Consider the following DFAs:

^ **DFA1** ^ **DFA2** ^
|{{ :lfa:screenshot_2021-11-04_at_15.33.10.png?400 |}}| {{ :lfa:2022:lfa2022_lab5_ex2_4_cerinta.png?300 |}} |


Convert the given DFAs to a Regex (using the state-elimination strategy). 
Hint: is it easier to apply conversion on another DFA?

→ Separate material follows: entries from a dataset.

lemma tp_bs_eqI:
  assumes "a \<notin> A" "a' \<notin> A"
    and "\<And>ts. length ts = n \<Longrightarrow> \<forall>t\<in>set ts. trm_params t \<subseteq> A \<Longrightarrow>
           R (map (trm_val a) ts) \<longleftrightarrow> R (map (trm_val a') ts)"
  shows "tp_bs n R a A = tp_bs n R a' A"
proof -
  have "atm_sat R a p \<longleftrightarrow> atm_sat R a' p" if "atm_wf n p" "atm_params p \<subseteq> A" for p
  proof (cases p)
    case (AEq s t)
    then show ?thesis
      using that trm_val_eq_iff[OF assms(1)] trm_val_eq_iff[OF assms(2)] by auto
  next
    case (ARel ts)
    with that assms(3)[of ts] show ?thesis by auto
  qed
  then have "lit_sat R a \<phi> \<longleftrightarrow> lit_sat R a' \<phi>" if "lit_wf n \<phi>" "lit_params \<phi> \<subseteq> A" for \<phi>
    using that by (cases \<phi>) auto
  then show ?thesis
    unfolding tp_bs_def by blast
qed

lemma tp_bs_eq_outside_support:
  assumes "approx_invariant n R A\<^sub>0" "a \<notin> A \<union> A\<^sub>0" "a' \<notin> A \<union> A\<^sub>0"
  shows "tp_bs n R a A = tp_bs n R a' A"
proof (rule tp_bs_eqI)
  fix ts :: "'a trm list"
  assume "length ts = n" "\<forall>t\<in>set ts. trm_params t \<subseteq> A"
  then show "R (map (trm_val a) ts) \<longleftrightarrow> R (map (trm_val a') ts)"
    using approx_invariantD[OF assms(1)] approx_on_map_trm_val[OF assms(2,3)] by simp
qed (use assms(2,3) in simp_all)

lemma num_types_le_card_diff_add_one:
  fixes R :: "'a::finite list \<Rightarrow> bool"
  assumes "approx_invariant n R A\<^sub>0"
  shows "num_types n R A \<le> card (A\<^sub>0 - A) + 1"
proof -
  let ?tp = "\<lambda>a. tp_bs n R a A"
  have "- A = (A\<^sub>0 - A) \<union> - (A \<union> A\<^sub>0)"
    by blast
  then have "num_types n R A \<le> card (?tp ` (A\<^sub>0 - A)) + card (?tp ` (- (A \<union> A\<^sub>0)))"
    unfolding num_types_def by (metis card_Un_le image_Un)
  moreover have "card (?tp ` (A\<^sub>0 - A)) \<le> card (A\<^sub>0 - A)"
    by (simp add: card_image_le)
  moreover have "card (?tp ` (- (A \<union> A\<^sub>0))) \<le> 1"
    by (intro card_image_le_one_if_constant tp_bs_eq_outside_support[OF assms]) simp_all
  ultimately show ?thesis
    by linarith
qed

lemma rel_map_trm_val_if_rel_patterns_eq:
  assumes "approx_invariant n R A\<^sub>0" "A \<inter> A\<^sub>0 = {}" "a \<notin> A" "a' \<notin> A"
    and "rel_patterns n R A a = rel_patterns n R A a'"
    and "length ts = n" "\<forall>t\<in>set ts. trm_params t \<subseteq> A" "R (map (trm_val a) ts)"
  shows "R (map (trm_val a') ts)"
proof -
  let ?b = "map (trm_val a) ts" and ?c = "map (trm_val a') ts"
  have set_b: "set ?b \<subseteq> insert a A" and set_c: "set ?c \<subseteq> insert a' A"
    using assms(7) trm_val_in_insert by fastforce+
  have "eq_pattern a ?b \<in> rel_patterns n R A a"
    unfolding rel_patterns_def using set_b assms(6,8) by (intro CollectI exI[of _ ?b]) simp
  then obtain b where b: "length b = n" "set b \<subseteq> insert a' A" "R b"
    and pattern: "eq_pattern a' b = eq_pattern a ?b"
    using assms(5) unfolding rel_patterns_def by auto
  have "eq_pattern a' b = eq_pattern a' ?c"
    using pattern eq_pattern_map_trm_val[OF assms(3,7)] eq_pattern_map_trm_val[OF assms(4,7)] by simp
  then have "approx_on A\<^sub>0 b ?c"
    using b(1) assms(6) by (intro approx_on_if_eq_pattern[OF b(2) set_c _ _ assms(2)]) simp_all
  then show ?thesis
    using approx_invariantD[OF assms(1) b(1)] assms(6) b(3) by simp
qed
(* Let $K$ be a finite simplicial complex, $N\subseteq K$ closed, and $\mathcal V_1,\mathcal V_2$ multivector fields on $K$. For $k\in\{1,2\}$ let $\mathcal M_k$ be a Morse decomposition of an isolated invariant set $S_k$ isolated by $N$ under $\mathcal V_k$, with Conley-Morse graph $G_k$, and let $G_{1,2}$ be the relevant Conley-Morse graph of the minimal Morse decomposition of $\mathrm{inv}_{\mathcal V_1\wedge\mathcal V_2}(N)$ under $\mathcal V_1\wedge\mathcal V_2$. Regard $G_1,G_2,G_{1,2}$ as simplicial complexes by ignoring edge orientations. Let $f_1:G_{1,2}\to G_1$ and $f_2:G_{1,2}\to G_2$ be the maps induced by $\iota_1,\iota_2$, i.e. $f_k(v)=\iota_k(v)$ on vertices and $f_k(\{u,v\})=\{\iota_k(u),\iota_k(v)\}$ on edges. Then $f_1$ and $f_2$ are simplicial maps.
   Context: $\sigma\le\tau$ means $\sigma$ is a face of $\tau$; $\mathrm{cl}(A)$ is the set of faces of simplices of $A$; closed means $A=\mathrm{cl}(A)$. A multivector is a convex subset of $K$ w.r.t. $\le$; a multivector field is a partition of $K$ into multivectors; $[\sigma]_{\mathcal V}$ is the multivector containing $\sigma$. The intersection field is $\mathcal V_1\wedge\mathcal V_2=\{V_1\cap V_2: V_i\in\mathcal V_i\}$ (empty sets discarded). $F_{\mathcal V}(\sigma)=[\sigma]_{\mathcal V}\cup\mathrm{cl}(\sigma)$. A path under $\mathcal V$ is a sequence $\rho:\mathbb Z\cap[a,b]\to K$ with $\rho(i)\in F_{\mathcal V}(\rho(i-1))$; a solution is a bi-infinite such sequence. A multivector $V$ is critical if $H_k(\mathrm{cl}(V),\mathrm{cl}(V)\setminus V)\ne0$ for some $k$, regular otherwise. A solution $\rho$ is essential if whenever $[\rho(i)]_{\mathcal V}$ is regular there are $i^-<i<i^+$ with $[\rho(i^\pm)]_{\mathcal V}\neq[\rho(i)]_{\mathcal V}$. $\mathrm{inv}_{\mathcal V}(A)$ is the set of simplices of $A$ lying on essential solutions with image in $A$. An invariant set $S$ ($\mathrm{inv}(S)=S$) is isolated by closed $N$ if $S$ is a union of multivectors and every path in $N$ with both endpoints in $S$ lies in $S$. A Morse decomposition of $S$ is a family of mutually disjoint isolated invariant subsets (Morse sets) of $S$, indexed by a finite poset, such that every essential solution in $S$ either lies in one Morse set or has its $\alpha$-limit set in $M_q$ and $\omega$-limit set in $M_p$ with $q>p$. $S$ is minimal if $\{S\}$ is its only Morse decomposition; a Morse decomposition is minimal if all its Morse sets are minimal. A connection under $\mathcal V$ from $M$ to $M'$ is a path $\rho:\mathbb Z\cap[a,b]\to N$ under $\mathcal V$ with $\rho(a)\in M$, $\rho(b)\in M'$. The Conley-Morse graph of a Morse decomposition has one vertex per Morse set and a directed edge $M\to M'$ iff there is a connection from $M$ to $M'$. A Morse set $M_{1,2}$ of the minimal Morse decomposition $\mathcal M_{1,2}$ of $\mathrm{inv}_{\mathcal V_1\wedge\mathcal V_2}(N)$ is relevant if it is contained in some Morse set of $\mathcal M_1$ and in some Morse set of $\mathcal M_2$; then $\iota_k(M_{1,2})$ is the Morse set of $\mathcal M_k$ containing it. A relevant connection from relevant $M_{1,2}$ to relevant $M'_{1,2}$ is a connection $\rho$ under $\mathcal V_1\wedge\mathcal V_2$ from $M_{1,2}$ to $M'_{1,2}$ such that for $k=1,2$, whenever $\rho(i)$ lies in a Morse set $M_k\in\mathcal M_k$, $M_k\in\{\iota_k(M_{1,2}),\iota_k(M'_{1,2})\}$. The relevant Conley-Morse graph $G_{1,2}$ has the relevant Morse sets as vertices and a directed edge $M_{1,2}\to M'_{1,2}$ iff there is a relevant connection from $M_{1,2}$ to $M'_{1,2}$. A simplicial map is a vertex map sending each simplex to a simplex (an edge to an edge or a vertex). *)

theory Defs
  imports Main
begin
(* Let $n,r\ge1$, $A_{-1}\in\mathbb{R}^{n\times n}$, $B\in\mathbb{R}^{n\times r}$, and let $A_2,A_3$ be $n\times n$ matrix functions on $[-1,0]$ with entries in $L_2([-1,0],\mathbb{C})$. Consider the neutral type system $$\dot z(t)=A_{-1}\dot z(t-1)+\int_{-1}^0A_2(\theta)\dot z(t+\theta)\,d\theta+\int_{-1}^0A_3(\theta)z(t+\theta)\,d\theta+Bu(t)$$ and its operator model $\dot x=\mathcal A x+\mathcal B u$ on $M_2$ described in the context. If the pair $(A_{-1},B)$ is not controllable, i.e. $\operatorname{rank}(B\ \ A_{-1}B\ \cdots\ A_{-1}^{n-1}B)<n$ (equivalently, there exist $\mu\in\sigma(A_{-1})$ and $y\in\mathbb{C}^n\setminus\{0\}$ with $A_{-1}^*y=\bar\mu y$ and $B^*y=0$), then the system is not exactly controllable at any time, i.e. $\mathcal R_T\neq\mathcal D(\mathcal A)$ for every $T>0$. (No assumption on invertibility of $A_{-1}$ is made.)
   Context: The state space is $M_2=\mathbb{C}^n\times L_2(-1,0;\mathbb{C}^n)$. The operator $\mathcal A$ is defined by $\mathcal A(y,z(\cdot))=\big(Lz,\ \tfrac{d}{d\theta}z\big)$, where $Lz=\int_{-1}^0A_2(\theta)z'(\theta)\,d\theta+\int_{-1}^0A_3(\theta)z(\theta)\,d\theta$, on the domain $\mathcal D(\mathcal A)=\{(y,z(\cdot))\in M_2: z\in H^1(-1,0;\mathbb{C}^n),\ y=z(0)-A_{-1}z(-1)\}$; $\mathcal A$ generates a $C_0$-semigroup $e^{\mathcal At}$ on $M_2$. The control operator is $\mathcal Bu=(Bu,0)$ for $u\in\mathbb{C}^r$. The reachability set from $0$ at time $T$ is $\mathcal R_T=\{\int_0^Te^{\mathcal At}\mathcal Bu(t)\,dt: u\in L_2(0,T;\mathbb{C}^r)\}$. The system is exactly controllable at time $T$ if $\mathcal R_T=\mathcal D(\mathcal A)$ (equivalently, the set of restrictions to $[T-1,T]$ of solutions with zero initial data on $[-1,0]$, over all controls $u\in L_2(0,T;\mathbb{C}^r)$, equals $H^1(T-1,T;\mathbb{C}^n)$). *)

theory Defs
  imports "HOL-Analysis.Analysis"
begin

definition L2_on :: "real \<Rightarrow> real \<Rightarrow> (real \<Rightarrow> 'a::{banach,second_countable_topology}) \<Rightarrow> bool" where
  "L2_on a b g \<longleftrightarrow>
     (\<lambda>t. indicator {a..b} t *\<^sub>R g t) \<in> borel_measurable lborel \<and>
     set_integrable lborel {a..b} (\<lambda>t. (norm (g t))\<^sup>2)"

definition H1_on :: "real \<Rightarrow> real \<Rightarrow> (real \<Rightarrow> 'a::{banach,second_countable_topology}) \<Rightarrow> bool" where
  "H1_on a b f \<longleftrightarrow>
     (\<exists>g. L2_on a b g \<and> (\<forall>t\<in>{a..b}. f t = f a + (LINT s:{a..t}|lborel. g s)))"

definition cmat :: "real^'m^'n \<Rightarrow> complex^'m^'n" where
  "cmat M = (\<chi> i j. complex_of_real (M $ i $ j))"

primrec mpow :: "'a::semiring_1^'n^'n \<Rightarrow> nat \<Rightarrow> 'a^'n^'n" where
  "mpow A 0 = mat 1"
| "mpow A (Suc k) = A ** mpow A k"

text \<open>Rank of the Kalman matrix (B  A B  ...  A^(n-1) B): dimension of its column space.\<close>
definition kalman_rank :: "real^'n^'n \<Rightarrow> real^'r^'n \<Rightarrow> nat" where
  "kalman_rank A B = dim (span (\<Union>k<CARD('n). columns (mpow A k ** B)))"
(* Let $k\ge 3$, constants $c_1\ge\dots\ge c_k>0$ with $\sum c_i=1$, and for $n$ with all $c_in$ integers let $G_n$ be the complete $k$-partite graph with parts $V_1,\dots,V_k$, $|V_i|=c_in$. Let $w_0$ be a uniformly random initial weighting. If $c_i>\tfrac12$, then $$\mathbb{E}(m_i)\le 2c_in-n+\frac{2(1-c_i)}{2c_i-1}.$$
   Context: An initial weighting of a graph on vertex set $V$, $|V|=n$, is a bijection $w_0:V\to\{-n,\dots,-1\}$; here $w_0$ is uniform among all $n!$ such bijections. The quantity $m_i$ is defined by $$m_i=\max\Big\{x\ge 0:\ \exists\, y\ge 0 \text{ with } 2y+x\le n \text{ and } \Big|\bigcup_{j=1}^{2y+x}w_0^{-1}(-j)\cap V_i\Big|=y+x\Big\},$$ equivalently $m_i=\max_{0\le t\le n}X(t)$ where $X(t)=|\{v\in V_i: w_0(v)\ge -t\}|-|\{v\in V\setminus V_i: w_0(v)\ge -t\}|$. A complete $k$-partite graph with parts $V_1,\dots,V_k$ has an edge between $u$ and $v$ iff they lie in different parts. *)

theory Defs
  imports Complex_Main
begin

text \<open>Initial weightings: bijections V -> {-n,...,-1} (n = card V), extended by 0 outside V
  so that the set of weightings is finite and in bijection with the n! bijections.\<close>
definition weightings :: "'a set \<Rightarrow> ('a \<Rightarrow> int) set" where
  "weightings V = {w. bij_betw w V {- int (card V) .. -1} \<and> (\<forall>v. v \<notin> V \<longrightarrow> w v = 0)}"

definition Xwalk :: "'a set \<Rightarrow> 'a set \<Rightarrow> ('a \<Rightarrow> int) \<Rightarrow> nat \<Rightarrow> int" where
  "Xwalk V Vi w t = int (card {v \<in> Vi. w v \<ge> - int t}) - int (card {v \<in> V - Vi. w v \<ge> - int t})"

definition m_part :: "'a set \<Rightarrow> 'a set \<Rightarrow> ('a \<Rightarrow> int) \<Rightarrow> int" where
  "m_part V Vi w = Max ((\<lambda>t. Xwalk V Vi w t) ` {0 .. card V})"

definition expected_m :: "'a set \<Rightarrow> 'a set \<Rightarrow> real" where
  "expected_m V Vi = (\<Sum>w\<in>weightings V. real_of_int (m_part V Vi w)) / real (card (weightings V))"

definition complete_multipartite_edge :: "nat \<Rightarrow> (nat \<Rightarrow> 'a set) \<Rightarrow> 'a \<Rightarrow> 'a \<Rightarrow> bool" where
  "complete_multipartite_edge k P u v \<longleftrightarrow>
     (\<exists>i\<in>{1..k}. \<exists>j\<in>{1..k}. i \<noteq> j \<and> u \<in> P i \<and> v \<in> P j)"

end

theory Submission
  imports Defs "HOL-Combinatorics.Multiset_Permutations"
begin

text \<open>A uniform weighting is the same as a uniformly random ordering of \<open>V\<close> (the vertex of
weight \<open>-k\<close> comes \<open>k\<close>-th), and \<open>m\<^sub>i\<close> is the maximum of the \<open>\<plusminus>1\<close> walk that steps up on
\<open>V\<^sub>i\<close> and down elsewhere. With \<open>a = |V\<^sub>i|\<close> up-steps and \<open>b = n - a\<close> down-steps, the reflection
principle shows that exactly \<open>C(a + b, max a (b + h))\<close> of the \<open>C(a + b, a)\<close> step patterns
reach height \<open>h\<close>. Summing these tail probabilities over \<open>h \<ge> 1\<close>, the terms with
\<open>h \<le> a - b\<close> contribute \<open>a - b\<close>, and the rest are dominated by a geometric series of ratio
\<open>b / a\<close>, whose sum is \<open>b / (a - b)\<close>. This gives
\<open>\<bbbE>(m\<^sub>i) \<le> (2c\<^sub>i - 1) n + (1 - c\<^sub>i) / (2c\<^sub>i - 1)\<close>, half the stated error term.\<close>

text \<open>The truncated subtraction in \<open>walk_max\<close> is intended: it is the recursion
\<open>M(x # xs) = max 0 (\<plusminus>1 + M xs)\<close> for the maximum over all prefixes.\<close>

fun walk_max :: "('a \<Rightarrow> bool) \<Rightarrow> 'a list \<Rightarrow> nat" where
  "walk_max S [] = 0"
| "walk_max S (x # xs) = (if S x then Suc (walk_max S xs) else walk_max S xs - 1)"
lemma seq_partial_shifted_state:
  assumes shift: "\<And>Z. Z \<in> seq_ball c e \<Longrightarrow> fwd_shift Fx Z = f (Fx Z, Fu Z)"
    and dep: "depends_only_on Fx W" and "\<not> W i j"
    and Y: "Y \<in> seq_ball c e"
    and "(\<lambda>t. Fu (seq_upd Y i j t)) differentiable (at (Y i $ j))"
    and "(f has_derivative f') (at (Fx Y, Fu Y))"
  shows "seq_partial Fx (i - 1) j (shiftseq 1 Y) = f' (0, seq_partial Fu i j Y)"
proof -
  have "seq_partial Fx (i - 1) j (shiftseq 1 Y) = seq_partial (fwd_shift Fx) i j Y"
    by (simp add: fwd_shift_def seq_partial_shiftseq)
  also have "\<dots> = seq_partial (\<lambda>Z. f (Fx Z, Fu Z)) i j Y"
    by (intro seq_partial_cong_eventually eventually_mono [OF eventually_seq_upd_in_seq_ball [OF Y]])
      (simp add: shift)
  also have "\<dots> = seq_partial (\<lambda>Z. f (Fx Y, Fu Z)) i j Y"
    using depends_only_on_seq_upd [OF dep \<open>\<not> W i j\<close>] by (intro seq_partial_cong_eventually) simp
  also have "\<dots> = f' (0, seq_partial Fu i j Y)"
    by (rule seq_partial_chain_pair_const) fact+
  finally show ?thesis .
qed
lemma K0_class_rotation_indicator:
  fixes k :: "'a::metric_space \<Rightarrow> nat"
  assumes "continuous_on X k" and "\<And>x. x \<in> X \<Longrightarrow> k x < q"
    and rotation: "\<And>x. x \<in> X \<Longrightarrow> k (T x) = (k x + 1) mod q" and "p \<le> q"
  shows "K0_class X T (\<lambda>x. int q * indicator {x \<in> X. k x < p} x) = K0_class X T (\<lambda>x. int p)"
proof (rule K0_class_eq_if_cohomologous)
  show "continuous_on X (\<lambda>x. rotation_transfer p q (k x))"
    by (rule continuous_on_compose2[OF Topological_Spaces.continuous_on_discrete assms(1)]) auto
  show "int q * indicator {x \<in> X. k x < p} x - int p
      = rotation_transfer p q (k x) - rotation_transfer p q (k (T x))" if "x \<in> X" for x
    using rotation_indicator_coboundary[OF assms(2)[OF that] assms(4)] rotation[OF that] that
    by (cases "k x < p") (simp_all add: indicator_def)
qed

theorem mainTheorem7:
  fixes X :: "'a::metric_space set" and T :: "'a \<Rightarrow> 'a" and p q :: nat
  assumes "tds X T"
    and "top_transitive X T"
    and "totally_disconnected X"
    and "\<forall>V. openin (top_of_set X) V \<and> V \<noteq> {} \<longrightarrow>
           (\<exists>M. invariant_prob X T M \<and> emeasure M V > 0)"
    and "0 < p" and "0 < q" and "coprime p q" and "p < q"
    and "continuous_eigenvalue X T (exp (2 * pi * \<i> * of_real (real p / real q)))"
  shows "\<exists>U. U \<subseteq> X \<and> clopen_in X U \<and>
           K0_class X T (\<lambda>x. int q * indicator U x) = K0_class X T (\<lambda>x. int p)"
proof -
  define l where "l = exp (2 * pi * \<i> * of_real (real p / real q))"
  have primitive: "l ^ n = 1 \<longleftrightarrow> q dvd n" for n
    unfolding l_def using assms(6,7) by (rule exp_rational_power_eq_1_iff)
  have "T ` X = X"
    using assms(1) unfolding tds_def homeomorphism_def by blast
  moreover have "l ^ q = 1"
    using primitive[of q] by simp
  ultimately obtain r where r: "continuous_on X r" "\<And>x. x \<in> X \<Longrightarrow> r x ^ q = 1"
    "\<And>x. x \<in> X \<Longrightarrow> r (T x) = l * r x"
    using root_unity_eigenfunction[OF _ assms(2) assms(9)[folded l_def]] by blast
  obtain k where k: "continuous_on X k" "\<And>x. x \<in> X \<Longrightarrow> k x < q"
    "\<And>x. x \<in> X \<Longrightarrow> k (T x) = (k x + 1) mod q"
    using root_unity_eigenfunction_exponent[OF assms(6) primitive r] by blast
  define U where "U = {x \<in> X. k x < p}"
  have "U = X \<inter> k -` {..<p}"
    by (auto simp: U_def)
  then have "clopen_in X U"
    using clopen_in_preimage_discrete[OF k(1)] by simp
  moreover have "K0_class X T (\<lambda>x. int q * indicator U x) = K0_class X T (\<lambda>x. int p)"
    unfolding U_def using k assms(8) by (intro K0_class_rotation_indicator) auto
  moreover have "U \<subseteq> X"
    by (simp add: U_def)
  ultimately show ?thesis
    by blast
qed

end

<hidden On what DFA should the algorithm be applied?>
It is recommended to apply the State elimination algorithm on the minimal DFA.
</hidden>


<hidden DFA2>

{{ :lfa:2022:lfa2022_lab6_mindfa2_1.png?300 |}}

**Step 1:**

If there are multiple final states, make them non-final, create a new final state and add ε-transitions to it.

If a final state has any transitions going out of it, create a new final state and add ε-transition.

If the initial state has any transitions going into it, create a new initial state and add ε-transition.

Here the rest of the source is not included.